Le portrait riche de deux personnages liés par le même manque de reconnaissance. Le premier, un professeur qui sent sa mort proche, est reconnu par ses pairs, sa famille lui donne de "l'excellence", apparaît même parfois dans les entrefilets des journaux locaux mais il voudrait que l'on voit et apprécie en lui l'homme ordinaire, simple. Sa fille adoptive, Katia, souffre d'un statut d'orpheline lourd à porter, d'un amour pour le théâtre contrecarré par un manque total de talent qu'elle est la première à reconnaître et n'arrive pas à trouver un sens à sa vie, la tranquillité de l'esprit.

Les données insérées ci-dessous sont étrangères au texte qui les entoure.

(* Let $Q\ge0$, $R>0$, $M\ge0$ be symmetric matrices, $f:\mathbb{R}^n\times\mathbb{R}^m\to\mathbb{R}^n$ smooth, and consider an $s$-stage Runge–Kutta method with coefficients $a_{ij}$, $b_i>0$, step $h>0$ small enough that the constraints $x_{k+1}=x_k+h\sum_{i=1}^s b_if(x_{ki},u_{ki})$, $x_0=a$, $x_{ki}=x_k+h\sum_{j=1}^s a_{ij}f(x_{kj},u_{kj})$ ($0\le k\le N-1$, $1\le i\le s$) determine the vector of internal-stage states $X=(x_{01},\dots,x_{0s},\dots,x_{N-1,1},\dots,x_{N-1,s})$ and the node states $x_k$ as smooth functions $X=F(U)$, $x_k=F_d^k(U)$ of the vector of internal-stage controls $U=(u_{01},\dots,u_{0s},\dots,u_{N-1,s})$. Let $$J_d(U)=\tfrac12 F(U)^T\mathcal{Q}F(U)+\tfrac12U^T\mathcal{R}U+\tfrac12F_d^N(U)^TMF_d^N(U),$$ where $\mathcal{Q}$ (resp. $\mathcal{R}$) is the block-diagonal matrix whose diagonal blocks are, for each $k=0,\dots,N-1$ and $i=1,\dots,s$ in order, $hb_iQ$ (resp. $hb_iR$). Fix $U^0$, set $X^0=F(U^0)$, $x_N^0=F_d^N(U^0)$, and let $\tilde U$ be a minimizer of $\tfrac12X^T\mathcal{Q}X+\tfrac12U^T\mathcal{R}U+\tfrac12x_N^TMx_N$ over the tangent plane $X-X^0=F'(U^0)(U-U^0)$, $x_N-x_N^0=(F_d^N)'(U^0)(U-U^0)$ (the ILQR step). Then, with $$W(U^0)=F'(U^0)^T\mathcal{Q}F'(U^0)+\mathcal{R}+(F_d^N)'(U^0)^TM(F_d^N)'(U^0),$$ the matrix $W(U^0)$ is symmetric positive definite, $\tilde U$ is unique, and $$\tilde U-U^0=-W(U^0)^{-1}J_d'(U^0);$$ in particular $\tilde U-U^0$ is a descent direction for $J_d$ at $U^0$ (i.e. $J_d'(U^0)^T(\tilde U-U^0)<0$ whenever $J_d'(U^0)\neq0$).
   Context: $J_d$ is the cost of the optimization problem obtained by discretizing, with the given Runge–Kutta method, the problem of minimizing $\int_0^{t_f}(\tfrac12x^TQx+\tfrac12u^TRu)dt+\tfrac12x(t_f)^TMx(t_f)$ subject to $\dot x=f(x,u)$, $x(0)=a$, with $h=t_f/N$. $J_d'$ denotes the gradient of $J_d$ with respect to $U$, and $F'$, $(F_d^N)'$ the Jacobians. *)

theory Defs
  imports "HOL-Analysis.Analysis"
begin

text \<open>Steps are indexed by a finite linearly ordered type 'k (N = CARD('k)),
  stages by a finite type 's (s = CARD('s)).  A vector of internal-stage
  controls U = (u_{ki}) is an element of real^'m^'s^'k (U $ k $ i = u_{ki}),
  likewise the internal-stage states X :: real^'n^'s^'k.  Node states are
  x_0, ..., x_N indexed by nat; step number j < N is the j-th element of 'k.\<close>

definition step_idx :: "nat \<Rightarrow> 'k::{finite,linorder}" where
  "step_idx j = sorted_list_of_set (UNIV :: 'k set) ! j"

definition rk_constraints ::
  "(real^'n \<Rightarrow> real^'m \<Rightarrow> real^'n) \<Rightarrow> real^'s^'s \<Rightarrow> real^'s \<Rightarrow> real \<Rightarrow> real^'n
   \<Rightarrow> (((real,'m) vec,'s) vec,'k::{finite,linorder}) vec \<Rightarrow> (((real,'n) vec,'s) vec,'k) vec \<Rightarrow> (nat \<Rightarrow> real^'n) \<Rightarrow> bool" where
  "rk_constraints f A b h a U X xs \<longleftrightarrow>
     xs 0 = a \<and>
     (\<forall>j < CARD('k).
        xs (Suc j) = xs j + h *\<^sub>R (\<Sum>i\<in>UNIV. (b $ i) *\<^sub>R
                       f (X $ step_idx j $ i) (U $ step_idx j $ i))) \<and>
     (\<forall>j < CARD('k). \<forall>i.
        X $ step_idx j $ i = xs j + h *\<^sub>R (\<Sum>l\<in>UNIV. (A $ i $ l) *\<^sub>R
                       f (X $ step_idx j $ l) (U $ step_idx j $ l)))"

definition block_op :: "real \<Rightarrow> real^'s \<Rightarrow> real^'d^'d \<Rightarrow> real^'d^'s^'k \<Rightarrow> real^'d^'s^'k" where
  "block_op h b P Y = (\<chi> k i. (h * b $ i) *\<^sub>R (P *v (Y $ k $ i)))"

definition sym_psd :: "real^'d^'d \<Rightarrow> bool" where
  "sym_psd P \<longleftrightarrow> transpose P = P \<and> (\<forall>x. 0 \<le> x \<bullet> (P *v x))"

definition sym_pd :: "real^'d^'d \<Rightarrow> bool" where
  "sym_pd P \<longleftrightarrow> transpose P = P \<and> (\<forall>x. x \<noteq> 0 \<longrightarrow> 0 < x \<bullet> (P *v x))"

definition sym_pd_op :: "('a::euclidean_space \<Rightarrow> 'a) \<Rightarrow> bool" where
  "sym_pd_op W \<longleftrightarrow> linear W \<and> (\<forall>x y. W x \<bullet> y = x \<bullet> W y) \<and> (\<forall>x. x \<noteq> 0 \<longrightarrow> 0 < x \<bullet> W x)"

end

theory Submission
  imports Defs
begin

text \<open>Replacing F and F_d^N by their linearizations at U0 turns the ILQR subproblem, written in
  w = U - U0, into the exact minimization of the quadratic
  J_d(U0) + J_d'(U0) \<bullet> w + (1/2) w \<bullet> W(U0) w, because the linear term of the linearized cost is
  precisely the gradient of J_d at U0 (chain rule).  W(U0) is symmetric positive definite since R
  is positive definite and the other two terms are positive semidefinite.  A minimizer of a
  quadratic with such a Hessian is the unique solution of W w = -J_d'(U0), and then
  J_d'(U0) \<bullet> w = - w \<bullet> W w < 0.\<close>

lemma sym_pd_op_inj:
  assumes "sym_pd_op W"
  shows "inj W"
proof -
  have "linear W" using assms by (simp add: sym_pd_op_def)
  moreover have "x = 0" if "W x = 0" for x
    using assms that by (auto simp: sym_pd_op_def)
  ultimately show ?thesis by (simp add: linear_injective_0)
qed

lemma sym_pd_op_minimizer_eq:
  fixes W :: "'a::euclidean_space \<Rightarrow> 'a"
  assumes W: "sym_pd_op W"
    and min: "\<And>v. g \<bullet> w + (w \<bullet> W w) / 2 \<le> g \<bullet> v + (v \<bullet> W v) / 2"
  shows "W w = - g"
proof -
  have lin: "linear W" and sym: "\<And>x y. W x \<bullet> y = x \<bullet> W y"
    using W by (auto simp: sym_pd_op_def)
  define G where "G = g + W w"
  have expand: "g \<bullet> (w + d) + ((w + d) \<bullet> W (w + d)) / 2
      = g \<bullet> w + (w \<bullet> W w) / 2 + G \<bullet> d + (d \<bullet> W d) / 2" for d
    using sym[of w d]
    by (simp add: G_def linear_add[OF lin] inner_add_left inner_add_right inner_commute[of d "W w"]
        field_simps)
  have "G = 0"
  proof (rule ccontr)
    assume "G \<noteq> 0"
    define a where "a = G \<bullet> G"
    define c where "c = G \<bullet> W G"
    have "0 < a" "0 < c"
      using \<open>G \<noteq> 0\<close> W by (auto simp: a_def c_def sym_pd_op_def)
    \<comment> \<open>Moving from w by -s G with s = a / c lowers the quadratic by a * a / (2 c) > 0.\<close>
    define s where "s = a / c"
    have "g \<bullet> w + (w \<bullet> W w) / 2 \<le> g \<bullet> w + (w \<bullet> W w) / 2 - s * a + s * s * c / 2"
      using min[of "w + (- s) *\<^sub>R G"]
      unfolding expand by (simp add: linear_scale[OF lin] linear_neg[OF lin] a_def c_def)
    also have "\<dots> = g \<bullet> w + (w \<bullet> W w) / 2 - a * a / (2 * c)"
      using \<open>0 < c\<close> by (simp add: s_def field_simps)
    finally have "a * a \<le> 0"
      using \<open>0 < c\<close> by (simp add: field_simps)
    then show False
      using \<open>0 < a\<close> by (simp add: mult_le_0_iff)
  qed
  then show ?thesis by (simp add: G_def eq_neg_iff_add_eq_0 add.commute)
qed

lemma sym_pd_op_descent:
  assumes "sym_pd_op W" and "W d = - g" and "g \<noteq> 0"
  shows "g \<bullet> d < 0"
proof -
  have "d \<noteq> 0"
    using assms by (auto simp: sym_pd_op_def linear_0)
  then have "0 < d \<bullet> W d"
    using assms(1) by (simp add: sym_pd_op_def)
  then show ?thesis
    using assms(2) by (simp add: inner_commute)
qed

lemma has_derivative_quadratic_form:
  fixes P :: "'b::real_inner \<Rightarrow> 'b"
  assumes f: "(f has_derivative f') (at x)" and P: "bounded_linear P"
    and P_sym: "\<And>u v. P u \<bullet> v = u \<bullet> P v"
  shows "((\<lambda>y. f y \<bullet> P (f y)) has_derivative (\<lambda>v. 2 * (f' v \<bullet> P (f x)))) (at x)"
proof -
  have "((\<lambda>y. f y \<bullet> P (f y)) has_derivative (\<lambda>v. f x \<bullet> P (f' v) + f' v \<bullet> P (f x))) (at x)"
    by (rule has_derivative_inner[OF f bounded_linear.has_derivative[OF P f]])
  moreover have "f x \<bullet> P (f' v) = f' v \<bullet> P (f x)" for v
    by (metis P_sym inner_commute)
  ultimately show ?thesis by simp
qed

lemma matrix_vector_mult_self_adjoint:
  fixes P :: "real^'d^'d"
  assumes "transpose P = P"
  shows "(P *v x) \<bullet> y = x \<bullet> (P *v y)"
  by (metis assms dot_lmul_matrix vector_transpose_matrix)

lemma inner_block_op:
  "Y \<bullet> block_op h b P Z = (\<Sum>k\<in>UNIV. \<Sum>i\<in>UNIV. (h * b $ i) * (Y $ k $ i \<bullet> (P *v Z $ k $ i)))"
  by (simp add: block_op_def inner_vec_def algebra_simps sum_distrib_left)

lemma linear_block_op: "linear (block_op h b P)"
  by (rule linearI)
    (simp_all add: block_op_def vec_eq_iff matrix_vector_right_distrib scaleR_right_distrib
      matrix_vector_mult_scaleR)

lemma block_op_self_adjoint:
  assumes "transpose P = P"
  shows "block_op h b P Y \<bullet> Z = Y \<bullet> block_op h b P Z"
proof -
  have "Z $ k $ i \<bullet> (P *v Y $ k $ i) = Y $ k $ i \<bullet> (P *v Z $ k $ i)" for k i
    by (metis assms matrix_vector_mult_self_adjoint inner_commute)
  then show ?thesis
    by (simp add: inner_commute[of "block_op h b P Y"] inner_block_op)
qed

lemma block_op_nonneg:
  assumes "sym_psd P" "\<forall>i. 0 < b $ i" "0 < h"
  shows "0 \<le> Y \<bullet> block_op h b P Y"
  using assms unfolding inner_block_op sym_psd_def
  by (intro sum_nonneg mult_nonneg_nonneg) (auto simp: less_imp_le)

lemma block_op_pos:
  assumes P: "sym_pd P" and b: "\<forall>i. 0 < b $ i" and h: "0 < h" and "Y \<noteq> 0"
  shows "0 < Y \<bullet> block_op h b P Y"
proof -
  have P_nonneg: "0 \<le> v \<bullet> (P *v v)" for v
    using P by (cases "v = 0") (auto simp: sym_pd_def less_imp_le)
  have terms_nonneg: "0 \<le> (h * b $ i) * (Y $ k $ i \<bullet> (P *v Y $ k $ i))" for k i
    using b h P_nonneg by (simp add: less_imp_le)
  obtain k i where "Y $ k $ i \<noteq> 0"
    using \<open>Y \<noteq> 0\<close> by (metis vec_eq_iff zero_index)
  then have "0 < (h * b $ i) * (Y $ k $ i \<bullet> (P *v Y $ k $ i))"
    using P b h by (simp add: sym_pd_def)
  then have "0 < (\<Sum>i\<in>UNIV. (h * b $ i) * (Y $ k $ i \<bullet> (P *v Y $ k $ i)))"
    using terms_nonneg by (intro sum_pos2[where i = i]) auto
  then show ?thesis
    unfolding inner_block_op using terms_nonneg
    by (intro sum_pos2[where i = k] sum_nonneg) auto
qed

text \<open>L and Lf stand for F'(U0) and (F_d^N)'(U0); Q and R for the block-diagonal
  weights (calligraphic Q and R of the paper).\<close>

locale lq_cost =
  fixes L :: "'u::euclidean_space \<Rightarrow> 'x::euclidean_space" and Lf :: "'u \<Rightarrow> 'y::euclidean_space"
    and Q :: "'x \<Rightarrow> 'x" and R :: "'u \<Rightarrow> 'u" and M :: "'y \<Rightarrow> 'y"
  assumes linear_L: "linear L" and linear_Lf: "linear Lf"
    and linear_Q: "linear Q" and linear_R: "linear R" and linear_M: "linear M"
    and Q_self_adjoint: "\<And>x y. Q x \<bullet> y = x \<bullet> Q y"
    and R_self_adjoint: "\<And>x y. R x \<bullet> y = x \<bullet> R y"
    and M_self_adjoint: "\<And>x y. M x \<bullet> y = x \<bullet> M y"
    and Q_nonneg: "\<And>x. 0 \<le> x \<bullet> Q x" and M_nonneg: "\<And>x. 0 \<le> x \<bullet> M x"
    and R_pos: "\<And>x. x \<noteq> 0 \<Longrightarrow> 0 < x \<bullet> R x"
begin

definition cost :: "'x \<Rightarrow> 'u \<Rightarrow> 'y \<Rightarrow> real" where
  "cost X U x = (1/2) * (X \<bullet> Q X) + (1/2) * (U \<bullet> R U) + (1/2) * (x \<bullet> M x)"

definition gradient :: "'x \<Rightarrow> 'u \<Rightarrow> 'y \<Rightarrow> 'u" where
  "gradient X U x = adjoint L (Q X) + R U + adjoint Lf (M x)"

definition hessian :: "'u \<Rightarrow> 'u" where
  "hessian V = adjoint L (Q (L V)) + R V + adjoint Lf (M (Lf V))"

definition tangent_minimizer :: "'x \<Rightarrow> 'u \<Rightarrow> 'y \<Rightarrow> 'u \<Rightarrow> bool" where
  "tangent_minimizer X0 U0 x0 U1 \<longleftrightarrow>
    (\<exists>X x. X - X0 = L (U1 - U0) \<and> x - x0 = Lf (U1 - U0) \<and>
      (\<forall>U' X' x'. X' - X0 = L (U' - U0) \<and> x' - x0 = Lf (U' - U0) \<longrightarrow>
        cost X U1 x \<le> cost X' U' x'))"

lemma inner_hessian: "V \<bullet> hessian Z = L V \<bullet> Q (L Z) + V \<bullet> R Z + Lf V \<bullet> M (Lf Z)"
  by (simp add: hessian_def inner_add_right adjoint_clauses(1)[OF linear_L]
      adjoint_clauses(1)[OF linear_Lf])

Tchekhov dépeint tout ça non pas avec flamboyance et éclat, mais au contraire avec discrétion, mélancolie, avec une langueur morbide qui ne se satisfaisant pas du professeur et de Katia gagne le lecteur à son tour. Et c'est lent, mais merveilleusement écrit, j'aime beaucoup la plume de Tchekhov, j'aime quand à travers ses personnages il donne son avis sur le théâtre moderne, sur la littérature de son époque que modestement il trouve parfois belle mais sans talent, quand il regrette avec un humour certain que le philosophe nous dise "Connais-toi toi-même" mais sans nous livrer le "mode d'emploi"... Il y a des fulgurances qui courent sur plusieurs lignes, plusieurs pages mais si cruelle j'étais, je dirais que le livre ne porte que trop bien son nom. C'est voulu bien sur, mais la banalité de l'histoire de cet homme en manque de reconnaissance qui ne fait rien pour se sortir de sa condition, la répétition dans tous les actes de sa vie quotidienne, la monotonie de son existence...
Volontairement, Tchekhov nous immerge dans l'état d'esprit de son personnage... Mais je ne peux m'empêcher alors de tomber à mon tour dans un pale ennui, atténué de ci de là par l'écriture de l'auteur mais regrettant l'emphase de "La Steppe" ou le rythme de ses pièces de théâtre.